== Input for this task ==
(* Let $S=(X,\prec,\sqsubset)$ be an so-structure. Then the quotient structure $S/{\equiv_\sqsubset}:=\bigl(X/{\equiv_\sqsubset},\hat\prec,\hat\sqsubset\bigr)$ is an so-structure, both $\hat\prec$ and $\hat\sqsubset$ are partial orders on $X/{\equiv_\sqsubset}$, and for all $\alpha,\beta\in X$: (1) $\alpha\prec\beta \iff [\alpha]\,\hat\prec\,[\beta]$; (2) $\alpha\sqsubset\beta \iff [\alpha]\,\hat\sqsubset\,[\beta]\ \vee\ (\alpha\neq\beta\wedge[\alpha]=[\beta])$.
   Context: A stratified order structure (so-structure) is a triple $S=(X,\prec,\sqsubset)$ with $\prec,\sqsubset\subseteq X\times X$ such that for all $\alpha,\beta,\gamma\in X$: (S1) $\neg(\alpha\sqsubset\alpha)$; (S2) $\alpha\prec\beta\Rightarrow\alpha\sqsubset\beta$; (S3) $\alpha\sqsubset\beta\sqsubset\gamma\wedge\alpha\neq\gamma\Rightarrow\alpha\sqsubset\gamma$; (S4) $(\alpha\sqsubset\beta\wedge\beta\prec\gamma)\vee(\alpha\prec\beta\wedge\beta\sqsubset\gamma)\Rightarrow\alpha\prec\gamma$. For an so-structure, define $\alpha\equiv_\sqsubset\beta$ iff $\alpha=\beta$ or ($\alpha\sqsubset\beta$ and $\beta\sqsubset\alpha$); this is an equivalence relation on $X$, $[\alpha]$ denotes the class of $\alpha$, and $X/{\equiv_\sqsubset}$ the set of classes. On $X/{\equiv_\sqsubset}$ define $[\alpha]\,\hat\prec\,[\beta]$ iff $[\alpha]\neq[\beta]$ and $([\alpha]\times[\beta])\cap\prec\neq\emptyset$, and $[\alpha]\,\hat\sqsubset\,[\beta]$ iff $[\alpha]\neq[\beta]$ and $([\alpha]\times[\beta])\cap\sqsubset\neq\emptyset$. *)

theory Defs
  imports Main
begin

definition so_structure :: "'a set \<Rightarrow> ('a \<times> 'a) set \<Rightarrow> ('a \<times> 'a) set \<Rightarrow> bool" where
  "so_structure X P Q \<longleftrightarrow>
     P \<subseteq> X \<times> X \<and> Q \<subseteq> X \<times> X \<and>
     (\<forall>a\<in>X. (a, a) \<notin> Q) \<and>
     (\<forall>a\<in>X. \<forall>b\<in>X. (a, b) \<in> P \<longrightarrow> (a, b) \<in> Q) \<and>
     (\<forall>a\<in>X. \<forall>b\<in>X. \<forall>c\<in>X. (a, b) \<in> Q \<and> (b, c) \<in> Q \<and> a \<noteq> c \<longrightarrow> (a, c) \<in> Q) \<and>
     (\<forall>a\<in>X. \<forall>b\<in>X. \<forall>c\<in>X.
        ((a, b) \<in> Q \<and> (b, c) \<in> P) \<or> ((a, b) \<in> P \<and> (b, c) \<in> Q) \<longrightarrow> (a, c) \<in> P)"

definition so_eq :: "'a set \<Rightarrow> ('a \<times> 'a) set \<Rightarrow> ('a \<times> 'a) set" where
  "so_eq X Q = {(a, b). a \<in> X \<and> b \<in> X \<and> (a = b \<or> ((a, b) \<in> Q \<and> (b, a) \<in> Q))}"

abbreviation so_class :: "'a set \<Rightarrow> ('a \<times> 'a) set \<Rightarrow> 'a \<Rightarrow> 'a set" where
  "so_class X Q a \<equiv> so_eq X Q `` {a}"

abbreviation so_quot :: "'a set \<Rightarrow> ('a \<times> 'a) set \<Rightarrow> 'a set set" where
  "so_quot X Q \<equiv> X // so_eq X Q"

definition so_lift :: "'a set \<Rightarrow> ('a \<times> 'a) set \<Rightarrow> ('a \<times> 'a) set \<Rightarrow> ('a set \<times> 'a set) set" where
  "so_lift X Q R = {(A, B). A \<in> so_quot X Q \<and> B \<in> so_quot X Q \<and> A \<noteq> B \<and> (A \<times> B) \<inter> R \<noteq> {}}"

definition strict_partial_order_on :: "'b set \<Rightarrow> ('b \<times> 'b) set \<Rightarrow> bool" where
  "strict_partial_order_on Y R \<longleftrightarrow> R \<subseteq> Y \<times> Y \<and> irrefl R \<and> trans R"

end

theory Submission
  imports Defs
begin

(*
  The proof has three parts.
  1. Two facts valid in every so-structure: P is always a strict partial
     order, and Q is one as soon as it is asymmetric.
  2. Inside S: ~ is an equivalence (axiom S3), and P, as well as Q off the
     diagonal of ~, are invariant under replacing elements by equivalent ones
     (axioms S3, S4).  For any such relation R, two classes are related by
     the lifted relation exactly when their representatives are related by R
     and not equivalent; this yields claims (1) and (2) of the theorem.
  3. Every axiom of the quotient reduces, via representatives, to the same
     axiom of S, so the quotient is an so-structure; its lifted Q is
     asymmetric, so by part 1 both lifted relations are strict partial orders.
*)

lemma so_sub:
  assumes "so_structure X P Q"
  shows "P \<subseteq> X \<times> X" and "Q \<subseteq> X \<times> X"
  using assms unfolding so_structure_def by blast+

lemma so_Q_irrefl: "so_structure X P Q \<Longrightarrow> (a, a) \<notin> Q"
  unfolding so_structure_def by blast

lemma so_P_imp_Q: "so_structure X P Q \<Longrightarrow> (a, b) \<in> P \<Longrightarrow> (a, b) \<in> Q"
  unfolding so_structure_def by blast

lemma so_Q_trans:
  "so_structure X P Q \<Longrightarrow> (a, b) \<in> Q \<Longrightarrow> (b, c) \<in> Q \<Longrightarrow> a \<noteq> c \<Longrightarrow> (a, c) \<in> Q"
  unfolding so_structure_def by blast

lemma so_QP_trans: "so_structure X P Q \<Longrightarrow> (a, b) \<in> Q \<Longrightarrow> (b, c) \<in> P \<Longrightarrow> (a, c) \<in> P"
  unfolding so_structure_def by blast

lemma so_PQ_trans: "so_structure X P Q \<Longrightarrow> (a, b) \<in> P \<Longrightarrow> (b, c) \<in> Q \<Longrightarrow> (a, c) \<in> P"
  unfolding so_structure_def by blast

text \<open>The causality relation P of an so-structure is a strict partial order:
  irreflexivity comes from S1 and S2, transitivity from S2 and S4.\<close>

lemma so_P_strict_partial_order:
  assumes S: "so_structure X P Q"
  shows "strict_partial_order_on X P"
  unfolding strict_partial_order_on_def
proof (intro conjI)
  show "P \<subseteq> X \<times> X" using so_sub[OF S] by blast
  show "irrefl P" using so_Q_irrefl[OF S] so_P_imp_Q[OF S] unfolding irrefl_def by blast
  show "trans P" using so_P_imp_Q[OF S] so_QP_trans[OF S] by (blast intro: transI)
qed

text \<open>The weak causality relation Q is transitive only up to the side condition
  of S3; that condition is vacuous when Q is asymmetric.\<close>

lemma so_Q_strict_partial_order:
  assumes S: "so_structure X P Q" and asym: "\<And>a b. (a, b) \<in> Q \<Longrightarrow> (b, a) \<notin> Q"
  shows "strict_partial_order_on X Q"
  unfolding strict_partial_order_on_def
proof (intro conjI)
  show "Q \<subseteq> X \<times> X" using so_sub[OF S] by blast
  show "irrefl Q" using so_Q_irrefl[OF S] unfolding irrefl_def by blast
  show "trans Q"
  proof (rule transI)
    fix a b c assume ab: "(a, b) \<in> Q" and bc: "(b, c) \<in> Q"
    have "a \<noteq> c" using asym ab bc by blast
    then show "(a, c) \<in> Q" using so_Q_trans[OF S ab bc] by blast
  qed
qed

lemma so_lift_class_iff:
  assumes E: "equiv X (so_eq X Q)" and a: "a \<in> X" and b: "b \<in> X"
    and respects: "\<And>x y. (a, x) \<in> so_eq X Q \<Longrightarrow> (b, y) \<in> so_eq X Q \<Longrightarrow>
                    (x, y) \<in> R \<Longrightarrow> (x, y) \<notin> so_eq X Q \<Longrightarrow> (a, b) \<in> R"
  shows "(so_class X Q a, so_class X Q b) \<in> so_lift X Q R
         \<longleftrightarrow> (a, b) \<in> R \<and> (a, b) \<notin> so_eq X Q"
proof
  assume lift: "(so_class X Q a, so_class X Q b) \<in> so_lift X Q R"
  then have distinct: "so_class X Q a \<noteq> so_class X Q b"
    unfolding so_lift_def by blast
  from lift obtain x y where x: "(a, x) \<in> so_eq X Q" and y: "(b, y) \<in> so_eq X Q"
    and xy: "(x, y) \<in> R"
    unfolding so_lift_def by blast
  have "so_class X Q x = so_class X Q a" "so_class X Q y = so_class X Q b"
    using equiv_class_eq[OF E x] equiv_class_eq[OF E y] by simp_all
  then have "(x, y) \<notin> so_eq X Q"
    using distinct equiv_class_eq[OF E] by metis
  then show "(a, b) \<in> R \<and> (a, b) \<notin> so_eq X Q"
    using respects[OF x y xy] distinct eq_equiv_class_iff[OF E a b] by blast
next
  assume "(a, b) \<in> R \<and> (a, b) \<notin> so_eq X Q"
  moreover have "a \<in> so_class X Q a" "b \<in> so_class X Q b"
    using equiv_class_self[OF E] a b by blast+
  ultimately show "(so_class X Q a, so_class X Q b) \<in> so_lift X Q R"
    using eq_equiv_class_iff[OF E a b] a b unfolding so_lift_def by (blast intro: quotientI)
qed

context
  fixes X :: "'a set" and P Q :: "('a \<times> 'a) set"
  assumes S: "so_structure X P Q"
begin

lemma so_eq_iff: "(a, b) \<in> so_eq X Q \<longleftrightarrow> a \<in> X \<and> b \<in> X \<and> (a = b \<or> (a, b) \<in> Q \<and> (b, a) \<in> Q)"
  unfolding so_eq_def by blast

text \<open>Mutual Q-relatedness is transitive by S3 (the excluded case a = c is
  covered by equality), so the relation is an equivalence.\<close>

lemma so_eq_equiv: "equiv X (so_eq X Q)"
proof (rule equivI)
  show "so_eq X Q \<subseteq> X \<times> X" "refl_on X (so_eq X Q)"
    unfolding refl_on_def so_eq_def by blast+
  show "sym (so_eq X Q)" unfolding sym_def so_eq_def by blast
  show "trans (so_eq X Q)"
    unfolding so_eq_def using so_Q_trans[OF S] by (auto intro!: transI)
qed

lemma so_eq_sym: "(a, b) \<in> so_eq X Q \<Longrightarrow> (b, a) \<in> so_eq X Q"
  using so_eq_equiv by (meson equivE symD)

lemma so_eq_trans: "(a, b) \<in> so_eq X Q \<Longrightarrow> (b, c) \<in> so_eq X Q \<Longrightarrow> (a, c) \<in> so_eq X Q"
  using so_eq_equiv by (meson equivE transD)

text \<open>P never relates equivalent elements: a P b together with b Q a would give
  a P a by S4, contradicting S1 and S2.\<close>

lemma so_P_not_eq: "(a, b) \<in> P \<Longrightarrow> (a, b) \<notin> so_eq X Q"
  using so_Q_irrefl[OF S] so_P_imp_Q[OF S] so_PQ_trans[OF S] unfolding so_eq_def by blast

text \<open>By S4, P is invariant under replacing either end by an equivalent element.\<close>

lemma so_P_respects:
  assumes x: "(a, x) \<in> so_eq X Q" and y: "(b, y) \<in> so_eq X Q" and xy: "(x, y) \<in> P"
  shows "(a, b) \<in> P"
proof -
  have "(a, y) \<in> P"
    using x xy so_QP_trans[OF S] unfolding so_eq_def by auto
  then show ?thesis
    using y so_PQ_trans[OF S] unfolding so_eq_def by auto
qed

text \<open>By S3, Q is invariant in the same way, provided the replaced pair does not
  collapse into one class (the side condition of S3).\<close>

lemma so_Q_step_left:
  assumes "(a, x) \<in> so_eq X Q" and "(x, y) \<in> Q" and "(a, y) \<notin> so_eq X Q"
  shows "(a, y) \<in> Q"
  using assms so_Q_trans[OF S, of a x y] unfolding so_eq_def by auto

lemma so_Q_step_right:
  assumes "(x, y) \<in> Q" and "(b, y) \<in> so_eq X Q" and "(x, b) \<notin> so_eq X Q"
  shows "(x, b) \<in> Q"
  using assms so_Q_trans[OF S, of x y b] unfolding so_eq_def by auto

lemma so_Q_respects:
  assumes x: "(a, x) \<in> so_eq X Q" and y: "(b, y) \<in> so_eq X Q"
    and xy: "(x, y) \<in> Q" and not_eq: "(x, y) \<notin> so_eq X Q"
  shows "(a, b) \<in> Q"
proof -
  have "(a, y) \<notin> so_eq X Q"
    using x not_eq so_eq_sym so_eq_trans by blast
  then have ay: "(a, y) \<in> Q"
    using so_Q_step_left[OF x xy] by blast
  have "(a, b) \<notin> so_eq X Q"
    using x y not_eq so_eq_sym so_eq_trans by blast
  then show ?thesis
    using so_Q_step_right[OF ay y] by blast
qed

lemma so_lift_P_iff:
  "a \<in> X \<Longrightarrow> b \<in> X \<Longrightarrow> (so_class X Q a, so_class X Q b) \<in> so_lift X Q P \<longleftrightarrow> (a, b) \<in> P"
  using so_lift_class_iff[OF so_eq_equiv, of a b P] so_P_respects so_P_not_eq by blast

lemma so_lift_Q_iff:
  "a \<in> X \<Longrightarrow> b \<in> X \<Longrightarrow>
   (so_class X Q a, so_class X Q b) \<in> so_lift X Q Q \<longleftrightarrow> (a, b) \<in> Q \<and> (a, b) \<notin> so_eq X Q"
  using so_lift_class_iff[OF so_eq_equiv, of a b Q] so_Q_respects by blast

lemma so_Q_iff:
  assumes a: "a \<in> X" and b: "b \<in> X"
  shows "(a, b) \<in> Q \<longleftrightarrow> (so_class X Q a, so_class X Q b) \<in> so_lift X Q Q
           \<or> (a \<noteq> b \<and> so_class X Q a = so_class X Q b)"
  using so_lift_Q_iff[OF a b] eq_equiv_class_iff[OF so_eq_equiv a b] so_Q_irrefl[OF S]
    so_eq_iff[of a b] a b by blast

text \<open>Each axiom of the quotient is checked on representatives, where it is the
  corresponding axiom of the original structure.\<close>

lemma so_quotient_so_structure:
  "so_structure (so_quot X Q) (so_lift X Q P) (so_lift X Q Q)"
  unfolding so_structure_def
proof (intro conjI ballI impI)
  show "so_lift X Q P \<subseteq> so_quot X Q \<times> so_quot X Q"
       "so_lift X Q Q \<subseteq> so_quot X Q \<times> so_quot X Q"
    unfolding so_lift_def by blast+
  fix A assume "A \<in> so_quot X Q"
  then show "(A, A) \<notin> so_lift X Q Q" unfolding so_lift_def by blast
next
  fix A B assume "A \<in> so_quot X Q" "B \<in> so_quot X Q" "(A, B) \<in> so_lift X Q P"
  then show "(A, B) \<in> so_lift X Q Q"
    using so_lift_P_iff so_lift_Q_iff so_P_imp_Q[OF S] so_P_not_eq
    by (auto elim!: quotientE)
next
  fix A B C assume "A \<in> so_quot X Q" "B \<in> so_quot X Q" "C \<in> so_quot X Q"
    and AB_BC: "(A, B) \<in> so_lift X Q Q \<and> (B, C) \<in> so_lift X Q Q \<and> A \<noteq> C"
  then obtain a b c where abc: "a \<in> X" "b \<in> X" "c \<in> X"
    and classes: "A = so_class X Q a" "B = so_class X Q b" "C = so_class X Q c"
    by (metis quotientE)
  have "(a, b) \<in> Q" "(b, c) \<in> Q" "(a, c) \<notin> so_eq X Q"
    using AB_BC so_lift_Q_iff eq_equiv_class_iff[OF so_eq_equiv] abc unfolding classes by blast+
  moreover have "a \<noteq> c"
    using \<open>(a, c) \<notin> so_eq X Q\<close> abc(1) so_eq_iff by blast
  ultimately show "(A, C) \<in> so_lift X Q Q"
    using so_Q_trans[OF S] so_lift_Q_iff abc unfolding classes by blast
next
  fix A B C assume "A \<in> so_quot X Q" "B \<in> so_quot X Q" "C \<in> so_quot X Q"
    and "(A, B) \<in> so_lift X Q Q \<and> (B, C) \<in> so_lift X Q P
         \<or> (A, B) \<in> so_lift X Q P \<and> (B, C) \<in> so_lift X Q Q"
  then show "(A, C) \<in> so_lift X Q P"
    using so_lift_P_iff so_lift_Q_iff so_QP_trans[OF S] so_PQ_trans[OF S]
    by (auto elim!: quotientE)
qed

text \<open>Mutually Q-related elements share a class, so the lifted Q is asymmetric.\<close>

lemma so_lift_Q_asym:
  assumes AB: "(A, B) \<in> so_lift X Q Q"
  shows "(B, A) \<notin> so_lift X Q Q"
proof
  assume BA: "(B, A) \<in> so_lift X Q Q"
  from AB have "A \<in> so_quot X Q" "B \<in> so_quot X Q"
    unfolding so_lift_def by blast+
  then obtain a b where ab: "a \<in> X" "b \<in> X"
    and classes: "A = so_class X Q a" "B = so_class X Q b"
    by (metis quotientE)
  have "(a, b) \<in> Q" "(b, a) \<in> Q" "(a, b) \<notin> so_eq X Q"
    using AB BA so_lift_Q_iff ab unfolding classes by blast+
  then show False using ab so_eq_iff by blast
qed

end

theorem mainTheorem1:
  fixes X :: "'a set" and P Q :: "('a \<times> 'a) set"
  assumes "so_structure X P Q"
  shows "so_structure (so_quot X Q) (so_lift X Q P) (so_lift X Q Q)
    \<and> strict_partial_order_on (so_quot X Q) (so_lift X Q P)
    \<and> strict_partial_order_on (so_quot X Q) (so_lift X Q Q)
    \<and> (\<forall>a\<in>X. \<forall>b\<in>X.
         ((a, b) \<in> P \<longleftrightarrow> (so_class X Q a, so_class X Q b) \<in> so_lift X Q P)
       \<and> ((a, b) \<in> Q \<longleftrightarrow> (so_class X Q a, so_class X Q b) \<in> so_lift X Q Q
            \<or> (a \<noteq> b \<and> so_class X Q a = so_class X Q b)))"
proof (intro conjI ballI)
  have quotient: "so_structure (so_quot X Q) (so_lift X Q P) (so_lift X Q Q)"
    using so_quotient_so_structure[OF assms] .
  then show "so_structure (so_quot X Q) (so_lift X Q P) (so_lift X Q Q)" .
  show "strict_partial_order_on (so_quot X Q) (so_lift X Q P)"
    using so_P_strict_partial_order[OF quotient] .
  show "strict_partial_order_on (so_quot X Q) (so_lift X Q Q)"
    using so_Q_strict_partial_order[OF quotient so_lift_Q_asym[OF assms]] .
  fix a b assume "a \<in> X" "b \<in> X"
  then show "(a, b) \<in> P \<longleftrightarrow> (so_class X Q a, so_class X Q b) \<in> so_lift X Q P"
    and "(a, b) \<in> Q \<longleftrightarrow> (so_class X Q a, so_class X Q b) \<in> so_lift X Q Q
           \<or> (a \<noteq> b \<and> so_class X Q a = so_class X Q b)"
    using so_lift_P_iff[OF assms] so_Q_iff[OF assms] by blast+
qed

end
===
- What is needed
Print exactly the lines of the listing above starting at the line containing "proof (rule equivI)" and ending at the line containing "(b, c) \<in> so_eq", both included.

- Answer to the problem
proof (rule equivI)
  show "so_eq X Q \<subseteq> X \<times> X" "refl_on X (so_eq X Q)"
    unfolding refl_on_def so_eq_def by blast+
  show "sym (so_eq X Q)" unfolding sym_def so_eq_def by blast
  show "trans (so_eq X Q)"
    unfolding so_eq_def using so_Q_trans[OF S] by (auto intro!: transI)
qed

lemma so_eq_sym: "(a, b) \<in> so_eq X Q \<Longrightarrow> (b, a) \<in> so_eq X Q"
  using so_eq_equiv by (meson equivE symD)

lemma so_eq_trans: "(a, b) \<in> so_eq X Q \<Longrightarrow> (b, c) \<in> so_eq X Q \<Longrightarrow> (a, c) \<in> so_eq X Q"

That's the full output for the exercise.